lemma AE_not_onset_ordered:
  fixes R :: "('v loc \<times> real) set"
  assumes "prob_space M" and rep: "graphical_rep M V E lam tau X" and "0 < tau"
    and R: "closure_of_open V E R" and "\<not> countable (vertices_of R)"
  shows "AE \<omega> in M. \<not> onset_ordered (rec_lab X \<omega>) (ons_lab X \<omega>) R"
proof -
  interpret prob_space M by fact
  obtain xs :: "nat \<Rightarrow> 'v" and p q where xs: "inj xs" "range xs \<subseteq> vertices_of R" "0 \<le> p" "p < q"
    "\<And>k. {Vtx (xs k)} \<times> {p<..<q} \<subseteq> R"
    using closure_of_open_uncountable_common_interval[OF R assms(5)] by blast
  define \<delta> where "\<delta> = (q - p) / 3"
  have \<delta>: "0 < \<delta>" "p + 2 * \<delta> < q" using xs(4) unfolding \<delta>_def by (auto simp: field_simps)
  have xs_V: "xs k \<in> V" for k
    using xs(2) closure_of_open_subset[OF R] unfolding vertices_of_def locs_def by auto
  have indep: "indep_vars (\<lambda>_. borel) X (clock_index V E)"
    and onset_clocks: "\<And>k j. distributed M lborel (X (OnsC (xs k) j)) (exponential_density 1)"
    and recovery_clocks: "\<And>k j. distributed M lborel (X (RecC (xs k) j)) (exponential_density tau)"
    using rep xs_V unfolding graphical_rep_def by auto
  have "{OnsC (xs k) 0, OnsC (xs k) (Suc 0), RecC (xs k) 0} \<subseteq> clock_index V E" for k
    using xs_V unfolding clock_index_def by auto
  from AE_some_early_double_onset[OF indep xs(1) this onset_clocks recovery_clocks \<open>0 < tau\<close> xs(3) \<delta>(1)]
  have "AE \<omega> in M. \<exists>k. early_double_onset X (xs k) p \<delta> q \<omega>" using xs(3,4) by simp
  moreover have "AE \<omega> in M. \<forall>k j. 0 \<le> X (RecC (xs k) j) \<omega>"
    unfolding AE_all_countable using AE_exponential_nonneg[OF recovery_clocks] by blast
  ultimately show ?thesis
  proof eventually_elim
    case (elim \<omega>)
    then obtain k where "early_double_onset X (xs k) p \<delta> q \<omega>" by blast
    moreover have "\<And>j. 0 \<le> X (RecC (xs k) j) \<omega>" using elim(2) by blast
    ultimately show ?case by (rule early_double_onset_not_onset_ordered[OF _ \<delta>(2) _ xs(5)])
  qed
qed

-=-=-=-=-

## What you should do:
The listing above is to be copied exactly, in full.

## Answer space:
lemma AE_not_onset_ordered:
  fixes R :: "('v loc \<times> real) set"
  assumes "prob_space M" and rep: "graphical_rep M V E lam tau X" and "0 < tau"
    and R: "closure_of_open V E R" and "\<not> countable (vertices_of R)"
  shows "AE \<omega> in M. \<not> onset_ordered (rec_lab X \<omega>) (ons_lab X \<omega>) R"
proof -
  interpret prob_space M by fact
  obtain xs :: "nat \<Rightarrow> 'v" and p q where xs: "inj xs" "range xs \<subseteq> vertices_of R" "0 \<le> p" "p < q"
    "\<And>k. {Vtx (xs k)} \<times> {p<..<q} \<subseteq> R"
    using closure_of_open_uncountable_common_interval[OF R assms(5)] by blast
  define \<delta> where "\<delta> = (q - p) / 3"
  have \<delta>: "0 < \<delta>" "p + 2 * \<delta> < q" using xs(4) unfolding \<delta>_def by (auto simp: field_simps)
  have xs_V: "xs k \<in> V" for k
    using xs(2) closure_of_open_subset[OF R] unfolding vertices_of_def locs_def by auto
  have indep: "indep_vars (\<lambda>_. borel) X (clock_index V E)"
    and onset_clocks: "\<And>k j. distributed M lborel (X (OnsC (xs k) j)) (exponential_density 1)"
    and recovery_clocks: "\<And>k j. distributed M lborel (X (RecC (xs k) j)) (exponential_density tau)"
    using rep xs_V unfolding graphical_rep_def by auto
  have "{OnsC (xs k) 0, OnsC (xs k) (Suc 0), RecC (xs k) 0} \<subseteq> clock_index V E" for k
    using xs_V unfolding clock_index_def by auto
  from AE_some_early_double_onset[OF indep xs(1) this onset_clocks recovery_clocks \<open>0 < tau\<close> xs(3) \<delta>(1)]
  have "AE \<omega> in M. \<exists>k. early_double_onset X (xs k) p \<delta> q \<omega>" using xs(3,4) by simp
  moreover have "AE \<omega> in M. \<forall>k j. 0 \<le> X (RecC (xs k) j) \<omega>"
    unfolding AE_all_countable using AE_exponential_nonneg[OF recovery_clocks] by blast
  ultimately show ?thesis
  proof eventually_elim
    case (elim \<omega>)
    then obtain k where "early_double_onset X (xs k) p \<delta> q \<omega>" by blast
    moreover have "\<And>j. 0 \<le> X (RecC (xs k) j) \<omega>" using elim(2) by blast
    ultimately show ?case by (rule early_double_onset_not_onset_ordered[OF _ \<delta>(2) _ xs(5)])
  qed
qed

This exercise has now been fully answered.